High winds a major threat during winter

— Gov. Bill Ritter has proclaimed this week through Saturday as winter weather preparedness week in Colorado. This is an excellent time for all individuals, families, businesses, schools, and radio and television stations to review their winter weather preparedness plans, according to a National Weather Service press release.

Two main causes of high winds in Colorado during the cold season are the air pressure difference between strong low pressure and colder high-pressure systems, and Chinook winds developing along the Front Range and mountains in the eastern half of the state.

A strong, low-pressure system in Colorado, coupled with a high-pressure system to the west, can send a cold wind, called a Bora, through the western part of the state and down the slopes of the eastern mountains. The result can be a cascade of high winds from the west or northwest into the adjacent plains at speeds of more than 100 mph. The damage caused by this event is usually much more widespread than that caused by a severe thunderstorm in the warm season.

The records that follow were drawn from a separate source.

lemma USp4_eq_unip:
  assumes "g \<in> USp4"
  shows "g = unip (g$0$2) (g$2$3) (g$0$3) (g$0$1)"
proof -
  have entries: "g$0$0 = 1" "g$1$0 = 0" "g$2$0 = 0" "g$3$0 = 0" "g$1$2 = 0" "g$2$2 = 1"
    "g$3$2 = 0" "g$1$3 = 0" "g$3$3 = 1" "g$1$1 = 1"
    using assms by (auto simp: USp4_def)
  have "col_form g 1 2 = 0" "col_form g 1 3 = 0"
    using assms by (auto simp: USp4_def Sp4_iff_similitude similitude_iff)
  then have "g$3$1 = - g$0$2" and "g$2$1 - g$3$1 * g$2$3 = g$0$3"
    using entries by (simp_all add: col_form_def algebra_simps)
  then have "g$3$1 = - g$0$2" "g$2$1 = g$0$3 - g$0$2 * g$2$3"
    by (simp_all add: algebra_simps)
  then show ?thesis by (simp add: mat4_eq_iff entries)
qed

lemma matrix_inv_unip: "matrix_inv (unip t1 t2 t3 p) = unip (-t1) (-t2) (t1*t2 - t3) (-p)"
  by (rule matrix_inv_unique)
    (simp_all add: mat4_eq_iff matrix_mult_4_nth mat_def algebra_simps)

text \<open>In the paper's \<open>1\<close>-based indexing, \<open>x\<close> is the \<open>(2,1)\<close> entry, \<open>D\<close> the minor on
  rows \<open>{2,4}\<close> and columns \<open>{1,3}\<close>, and \<open>q\<close> the multiplier of the similitude.\<close>

definition inv_x :: "mat4 \<Rightarrow> complex" where
  "inv_x M = M$1$0"

definition inv_D :: "mat4 \<Rightarrow> complex" where
  "inv_D M = M$1$0 * M$3$2 - M$1$2 * M$3$0"

definition inv_q :: "mat4 \<Rightarrow> complex" where
  "inv_q M = col_form M 0 1"

lemma inv_x_unip_mult: "inv_x (unip t1 t2 t3 p ** M ** unip s1 s2 s3 r) = inv_x M"
  by (simp add: inv_x_def matrix_mult_4_nth)

lemma inv_D_unip_mult: "inv_D (unip t1 t2 t3 p ** M ** unip s1 s2 s3 r) = inv_D M"
  by (simp add: inv_D_def matrix_mult_4_nth algebra_simps)

lemma inv_q_unip_mult:
  assumes "col_form M 0 2 = 0" "col_form M 0 3 = 0"
  shows "inv_q (unip t1 t2 t3 p ** M ** unip s1 s2 s3 r) = inv_q M"
proof -
  have "col_form (N ** unip s1 s2 s3 r) 0 1
      = col_form N 0 1 + (s3 - s1 * s2) * col_form N 0 2 - s1 * col_form N 0 3" for N :: mat4
    by (simp add: col_form_def matrix_mult_4_nth algebra_simps)
  then show ?thesis
    using assms by (simp add: inv_q_def col_form_mult_left[OF similitude_unip] matrix_mul_assoc[symmetric])
qed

Jet stream winds over Colorado are much stronger in the winter than in the warm season, because of the big difference in temperature from north to south across North America. Very swift west winds, under certain conditions, can bring warm, dry Chinook winds plowing down the slopes of the eastern mountains. These winds, sometimes called snow eaters, also can exceed 100 mph in extreme cases, again bringing widespread damage. Winds of 60 to near 100 mph are possible in and near the foothills in the Fort Collins, Boulder, Denver, Colorado Springs, Canon City, Westcliffe, Walsenburg and Trinidad areas. The area around Boulder is especially prone to these extreme wind events.

Dangers from high winds include flying debris, collapsed structures and overturned vehicles. The National Weather Service will issue a high wind watch when there is a chance for high winds to develop. When the threat becomes more certain in a specific area, a high wind warning will be issued. Cold strong winds can also bring dangerously low wind chill values, prompting a wind chill advisory or wind chill warning.

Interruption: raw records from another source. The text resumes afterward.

end

theory Submission imports Defs begin

text \<open>For \<open>M \<le> M'\<close> the likelihood ratio \<open>f(k | M) / f(k | M')\<close> of the inverse hypergeometric
  distribution is nonincreasing in \<open>k\<close>. Hence \<open>f(j | M) \<le> f(j | M') f(n | M) / f(n | M')\<close> for
  \<open>j \<le> n\<close>, and summing over \<open>j \<le> n\<close> against the total mass \<open>1\<close> of \<open>f(\<cdot> | M')\<close> bounds the
  lower tail \<open>Pr{n \<le> n | M}\<close> by \<open>f(n | M) / f(n | M')\<close>; symmetrically for the upper tail when
  \<open>M' \<le> M\<close>. Taking \<open>M'\<close> to be the estimate \<open>Mhat n\<close> and rewriting the ratio with the identity
  \<open>C(N,m) C(m,r) C(N-m,n-r) = C(N,n) C(n,r) C(N-n,m-r)\<close> gives both closed forms.\<close>

lemma sum_choose_mult_choose_upper:
  "(\<Sum>i\<le>n. (i choose a) * ((n - i) choose b)) = Suc n choose (a + b + 1)"
proof (induction n arbitrary: b)
  case 0
  then show ?case by (cases a; cases b) auto
next
  case (Suc n)
  show ?case
  proof (cases b)
    case 0
    then show ?thesis using sum_choose_upper[where m=a and n="Suc n"] by simp
  next
    case (Suc c)
    have "(\<Sum>i\<le>Suc n. (i choose a) * ((Suc n - i) choose b))
        = (\<Sum>i\<le>n. (i choose a) * ((Suc n - i) choose b))"
      using Suc by simp
    also have "\<dots> = (\<Sum>i\<le>n. (i choose a) * ((n - i) choose b) + (i choose a) * ((n - i) choose c))"
      by (rule sum.cong) (auto simp: Suc Suc_diff_le algebra_simps)
    also have "\<dots> = (Suc n choose (a + b + 1)) + (Suc n choose (a + c + 1))"
      by (simp add: sum.distrib Suc.IH)
    also have "\<dots> = Suc (Suc n) choose (a + b + 1)"
      using Suc by simp
    finally show ?thesis .
  qed
qed

lemma choose_mult_choose_diff_commute:
  "(A choose a) * ((A - a) choose b) = (A choose b) * ((A - b) choose a)"
proof (cases "a + b \<le> A")
  case True
  have "(A choose a) * ((A - a) choose b) = (A choose (a + b)) * ((a + b) choose a)"
    using choose_mult[of a "a + b" A] True by simp
  also have "\<dots> = (A choose (a + b)) * ((a + b) choose b)"
    using binomial_symmetric[of a "a + b"] by simp
  also have "\<dots> = (A choose b) * ((A - b) choose a)"
    using choose_mult[of b "a + b" A] True by simp
  finally show ?thesis .
next
  case False
  then have "(A choose a) * ((A - a) choose b) = 0" "(A choose b) * ((A - b) choose a) = 0"
    by (cases "a \<le> A"; cases "b \<le> A"; simp)+
  then show ?thesis by (simp only:)
qed

lemma choose_mult_choose_mult_swap:
  assumes "r \<le> m" "m \<le> N" "r \<le> n" "n \<le> N"
  shows "(N choose m) * (m choose r) * ((N - m) choose (n - r))
       = (N choose n) * (n choose r) * ((N - n) choose (m - r))"
proof -
  have "N - r - (m - r) = N - m" "N - r - (n - r) = N - n"
    using assms by auto
  then have "((N - r) choose (m - r)) * ((N - m) choose (n - r))
           = ((N - r) choose (n - r)) * ((N - n) choose (m - r))"
    using choose_mult_choose_diff_commute[of "N - r" "m - r" "n - r"] by simp
  moreover have "(N choose m) * (m choose r) = (N choose r) * ((N - r) choose (m - r))"
    "(N choose n) * (n choose r) = (N choose r) * ((N - r) choose (n - r))"
    using choose_mult[of r m N] choose_mult[of r n N] assms by simp_all
  ultimately show ?thesis by (simp add: mult.assoc)
qed

lemma choose_mult_choose_mono:
  assumes "x \<le> y" "s \<le> g"
  shows "(g choose x) * (s choose y) \<le> (s choose x) * (g choose y)"
proof (cases "y \<le> s")
  case False
  then show ?thesis by (simp add: not_le binomial_eq_0)
next
  case True
  from \<open>s \<le> g\<close> show ?thesis
  proof (induction g rule: dec_induct)
    case base
    then show ?case by simp
  next
    case (step g)
    \<comment> \<open>multiply by \<open>(Suc g - x) * (Suc g - y)\<close>, absorb, and use \<open>Suc g - y \<le> Suc g - x\<close>\<close>
    define u where "u = Suc g choose x"
    define v where "v = Suc g choose y"
    have hu: "(Suc g - x) * u = Suc g * (g choose x)"
      unfolding u_def using binomial_absorb_comp[of "Suc g" x] by simp
    have hv: "(Suc g - y) * v = Suc g * (g choose y)"
      unfolding v_def using binomial_absorb_comp[of "Suc g" y] by simp
    have "(u * (s choose y)) * ((Suc g - x) * (Suc g - y))
        = ((Suc g - x) * u) * (s choose y) * (Suc g - y)"
      by (simp only: ac_simps)
    also have "\<dots> = Suc g * ((g choose x) * (s choose y)) * (Suc g - y)"
      unfolding hu by (simp only: ac_simps)
    also have "\<dots> \<le> Suc g * ((s choose x) * (g choose y)) * (Suc g - x)"
      using assms(1) by (intro mult_le_mono mult_le_mono2 step.IH) simp
    also have "\<dots> = (s choose x) * ((Suc g - y) * v) * (Suc g - x)"
      unfolding hv by (simp only: ac_simps)
    also have "\<dots> = ((s choose x) * v) * ((Suc g - x) * (Suc g - y))"
      by (simp only: ac_simps)
    finally have "u * (s choose y) \<le> (s choose x) * v"
      using True assms step.hyps by simp
    then show ?case unfolding u_def v_def .
  qed
qed

lemma sum_le_divide_if_cross_le:
  fixes p q :: "'a \<Rightarrow> real"
  assumes "q k > 0" "p k \<ge> 0" "sum q A \<le> 1"
    and cross: "\<And>j. j \<in> A \<Longrightarrow> p j * q k \<le> p k * q j"
  shows "sum p A \<le> p k / q k"
proof -
  have "sum p A * q k = (\<Sum>j\<in>A. p j * q k)"
    by (simp add: sum_distrib_right)
  also have "\<dots> \<le> (\<Sum>j\<in>A. p k * q j)"
    by (rule sum_mono) (rule cross)
  also have "\<dots> = p k * sum q A"
    by (simp add: sum_distrib_left)
  also have "\<dots> \<le> p k"
    using assms mult_left_mono[of "sum q A" 1 "p k"] by simp
  finally show ?thesis
    using assms by (simp add: pos_le_divide_eq)
qed

lemma inv_hyp_pmf_nonneg: "inv_hyp_pmf N m r k \<ge> 0"
  by (simp add: inv_hyp_pmf_def)

lemma inv_hyp_pmf_pos_iff:
  "inv_hyp_pmf N m r k > 0 \<longleftrightarrow> r \<le> k \<and> k \<le> N \<and> m \<le> N \<and> m - r \<le> N - k"
  by (auto simp: inv_hyp_pmf_def zero_less_divide_iff zero_less_mult_iff)

lemma sum_inv_hyp_pmf:
  assumes "0 < r" "r \<le> m" "m \<le> N"
  shows "(\<Sum>k\<le>N. inv_hyp_pmf N m r k) = 1"
proof -
  have N: "1 \<le> N"
    using assms by simp
  have "(\<Sum>k\<le>N. inv_hyp_pmf N m r k) = (\<Sum>k\<in>{1..N}. inv_hyp_pmf N m r k)"
    using assms by (simp add: atMost_atLeast0 sum.atLeast_Suc_atMost inv_hyp_pmf_def)
  also have "\<dots> = (\<Sum>i<N. inv_hyp_pmf N m r (Suc i))"
    by (rule sum_bounds_lt_plus1[symmetric])
  also have "\<dots> = (\<Sum>i\<le>N - 1. real (i choose (r - 1)) * real ((N - 1 - i) choose (m - r)))
                  / real (N choose m)"
  proof -
    have "inv_hyp_pmf N m r (Suc i)
        = real (i choose (r - 1)) * real ((N - 1 - i) choose (m - r)) / real (N choose m)"
      if "i < N" for i
      using that by (cases "r \<le> Suc i") (simp_all add: inv_hyp_pmf_def binomial_eq_0)
    then have "(\<Sum>i<N. inv_hyp_pmf N m r (Suc i))
        = (\<Sum>i<N. real (i choose (r - 1)) * real ((N - 1 - i) choose (m - r)) / real (N choose m))"
      by (intro sum.cong) auto
    moreover have "{..<N} = {..N - 1}"
      using N by auto
    ultimately show ?thesis
      by (simp only: sum_divide_distrib)
  qed
  also have "\<dots> = 1"
  proof -
    have "Suc (N - 1) = N" "r - 1 + (m - r) + 1 = m"
      using assms N by auto
    then have "(\<Sum>i\<le>N - 1. (i choose (r - 1)) * ((N - 1 - i) choose (m - r))) = N choose m"
      using sum_choose_mult_choose_upper[where n="N - 1" and a="r - 1" and b="m - r"] by simp
    then show ?thesis
      using assms by (simp flip: of_nat_mult of_nat_sum)
  qed
  finally show ?thesis .
qed

lemma sum_inv_hyp_pmf_le_1:
  assumes "0 < r" "r \<le> m" "m \<le> N" "finite A"
  shows "(\<Sum>k\<in>A. inv_hyp_pmf N m r k) \<le> 1"
proof -
  have "(\<Sum>k\<in>A. inv_hyp_pmf N m r k) = (\<Sum>k\<in>A \<inter> {..N}. inv_hyp_pmf N m r k)"
    using assms by (intro sum.mono_neutral_right) (auto simp: inv_hyp_pmf_def)
  also have "\<dots> \<le> (\<Sum>k\<le>N. inv_hyp_pmf N m r k)"
    by (intro sum_mono2) (auto simp: inv_hyp_pmf_nonneg)
  finally show ?thesis
    using sum_inv_hyp_pmf[OF assms(1-3)] by simp
qed

lemma inv_hyp_pmf_mult_mono:
  assumes "m \<le> h" "j \<le> k"
  shows "inv_hyp_pmf N m r j * inv_hyp_pmf N h r k \<le> inv_hyp_pmf N m r k * inv_hyp_pmf N h r j"
proof (cases "r \<le> j \<and> j \<le> N \<and> r \<le> k \<and> k \<le> N")
  case False
  then show ?thesis by (auto simp: inv_hyp_pmf_def)
next
  case True
  define c where "c = real ((j - 1) choose (r - 1)) * real ((k - 1) choose (r - 1))
     / (real (N choose m) * real (N choose h))"
  have "((N - j) choose (m - r)) * ((N - k) choose (h - r))
      \<le> ((N - k) choose (m - r)) * ((N - j) choose (h - r))"
    using assms by (intro choose_mult_choose_mono) auto
  then have "c * (real ((N - j) choose (m - r)) * real ((N - k) choose (h - r)))
      \<le> c * (real ((N - k) choose (m - r)) * real ((N - j) choose (h - r)))"
    unfolding c_def by (intro mult_left_mono) (simp_all flip: of_nat_mult)
  then show ?thesis
    using True unfolding inv_hyp_pmf_def c_def by (simp add: field_simps)
qed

If high winds are forecast for your area, it is a good idea to bring lightweight belongings indoor or tie them down or move them so they do not become dangerous missiles. Any downed power lines should not be approached; instead call the utility company. Stay clear from buildings under construction during high winds. They can easily collapse. Traveling on north-south roads near the mountains during a high wind event can also be dangerous. If you drive a lightweight or high-profile vehicle, you may want to wait until the high winds subside.